VV 41-47 Jesus identifies three obstacles preventing his hearers from recognizing that he is the Messiah and Son of God — their lack of love of God, their striving after human glory and their prejudiced interpretation of sacred texts.

  • His defence of his own actions and of his relationship with the Father might lead his adversaries to think that he was looking for human glory.
    • But the testimonies he has adduced (the Baptist, the miracles, the Father and the Scriptures) show clearly that it is nor he who is seeking his glory, and that the Jews oppose him not out of love of God or in defence of God’s honour, but for unworthy reasons or because of their merely human outlook.
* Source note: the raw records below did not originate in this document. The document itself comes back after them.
(* Let $P\subseteq\mathbb{R}_+$ be a set of positive inner Lebesgue measure and let $q:P\to\mathbb{R}$ be an arbitrary function. If $f:\mathbb{R}_+\to\mathbb{R}_+$ is $(p,q(p))$-Jensen convex for all $p\in P$, i.e. \[ f\big(H_p(x,y)\big)\le H_{q(p)}\big(f(x),f(y)\big)\qquad(x,y>0,\ p\in P), \] then $f$ is continuous, and $f_{p,q(p)}$ is convex on $(\mathbb{R}_+)_p$ for all $p\in P$.
   Context: $\mathbb{R}_+=]0,\infty[$. For $p\in\mathbb{R}$, $H_p(x,y)=\left(\frac{x^p+y^p}{2}\right)^{1/p}$ if $p\neq0$ and $H_0(x,y)=\sqrt{xy}$ ($x,y>0$). For $f:\mathbb{R}_+\to\mathbb{R}_+$ and $(p,q)\in\mathbb{R}^2$ with $p\neq0$, set $(\mathbb{R}_+)_p=\{t^p\mid t>0\}$ and define $f_{p,q}:(\mathbb{R}_+)_p\to\mathbb{R}$ by $f_{p,q}(x)=\operatorname{sign}(q)\big(f(x^{1/p})\big)^q$ if $q\neq0$ and $f_{p,q}(x)=\log f(x^{1/p})$ if $q=0$. *)

theory Defs
  imports "HOL-Analysis.Analysis"
begin

definition H :: "real \<Rightarrow> real \<Rightarrow> real \<Rightarrow> real" where
  "H p x y = (if p = 0 then sqrt (x * y) else ((x powr p + y powr p) / 2) powr (1 / p))"

definition Rp :: "real \<Rightarrow> real set" where
  "Rp p = {t powr p | t. t > 0}"

definition fpq :: "(real \<Rightarrow> real) \<Rightarrow> real \<Rightarrow> real \<Rightarrow> real \<Rightarrow> real" where
  "fpq f p q x = (if q = 0 then ln (f (x powr (1 / p)))
                  else sgn q * (f (x powr (1 / p))) powr q)"

definition inner_lebesgue_measure :: "real set \<Rightarrow> ennreal" where
  "inner_lebesgue_measure P = (SUP K \<in> {K. compact K \<and> K \<subseteq> P}. emeasure lborel K)"

end

theory Submission
  imports Defs
begin

text \<open>
  Fix a compact \<open>K \<subseteq> P\<close> of positive measure and \<open>p0 \<in> K\<close>. Jensen's inequality for \<open>p0\<close> makes
  \<open>g = fpq f p0 (q p0)\<close> midpoint convex on \<open>{0<..}\<close>, and the hypothesis at \<open>(x, y) = (1, 2)\<close>
  gives \<open>f (H p 1 2) \<le> max (f 1) (f 2)\<close> for every \<open>p \<in> P\<close>, so \<open>g\<close> is bounded above on
  \<open>A = (\<lambda>p. H p 1 2 powr p0) ` K\<close>. As \<open>p \<mapsto> H p 1 2\<close> is strictly increasing with positive
  continuous derivative, \<open>A\<close> has positive measure; by a Steinhaus-type argument the
  midpoints of \<open>A\<close> fill an interval, on which \<open>g\<close> is then bounded as well. The
  Bernstein--Doetsch theorem makes \<open>g\<close>, hence \<open>f\<close>, continuous, and every \<open>fpq f p (q p)\<close>
  with \<open>p \<in> P\<close>, being midpoint convex and continuous, is convex.
\<close>

section \<open>Midpoint convex functions\<close>

definition midpoint_convex_on :: "real set \<Rightarrow> (real \<Rightarrow> real) \<Rightarrow> bool" where
  "midpoint_convex_on S g \<longleftrightarrow> (\<forall>u\<in>S. \<forall>v\<in>S. g ((u + v) / 2) \<le> (g u + g v) / 2)"

lemma midpoint_convex_on_dyadic:
  assumes mid: "midpoint_convex_on S g" and S: "convex S" and a: "a \<in> S" and w: "w \<in> S"
  shows "g ((1 - (1/2)^n) * a + (1/2)^n * w) \<le> (1 - (1/2)^n) * g a + (1/2)^n * g w"
proof (induction n)
  case 0
  then show ?case by simp
next
  case (Suc n)
  define t :: real where "t = (1/2)^n"
  have t: "0 \<le> t" "t \<le> 1" unfolding t_def by (auto simp: power_le_one)
  define x where "x = (1 - t) * a + t * w"
  have x: "x \<in> S"
    unfolding x_def using convexD[OF S a w, of "1 - t" t] t by simp
  have "g ((1 - (1/2)^Suc n) * a + (1/2)^Suc n * w) = g ((a + x) / 2)"
    unfolding x_def t_def by (simp add: field_simps)
  also have "\<dots> \<le> (g a + g x) / 2"
    using mid a x unfolding midpoint_convex_on_def by blast
  also have "\<dots> \<le> (1 - (1/2)^Suc n) * g a + (1/2)^Suc n * g w"
    using Suc unfolding x_def t_def by (simp add: field_simps)
  finally show ?case .
qed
  • The Old Testament, therefore, leads a person towards recognizing who Jesus Christ is (cf. Jn 1:45; 2:17, 22; 5:39, 46; 12:16, 41);
    • yet the Jews remain unbelievers because their attitude is wrong:
      • they have reduced the messianic promises in the sacred books to the level of mere nationalistic aspirations:
      • this outlook, which is in no way supernatural, closes their soul to Jesus’ words and actions and prevents them from seeing that the ancient prophecies are coming true in him (cf. 2 Cor 3:14-16).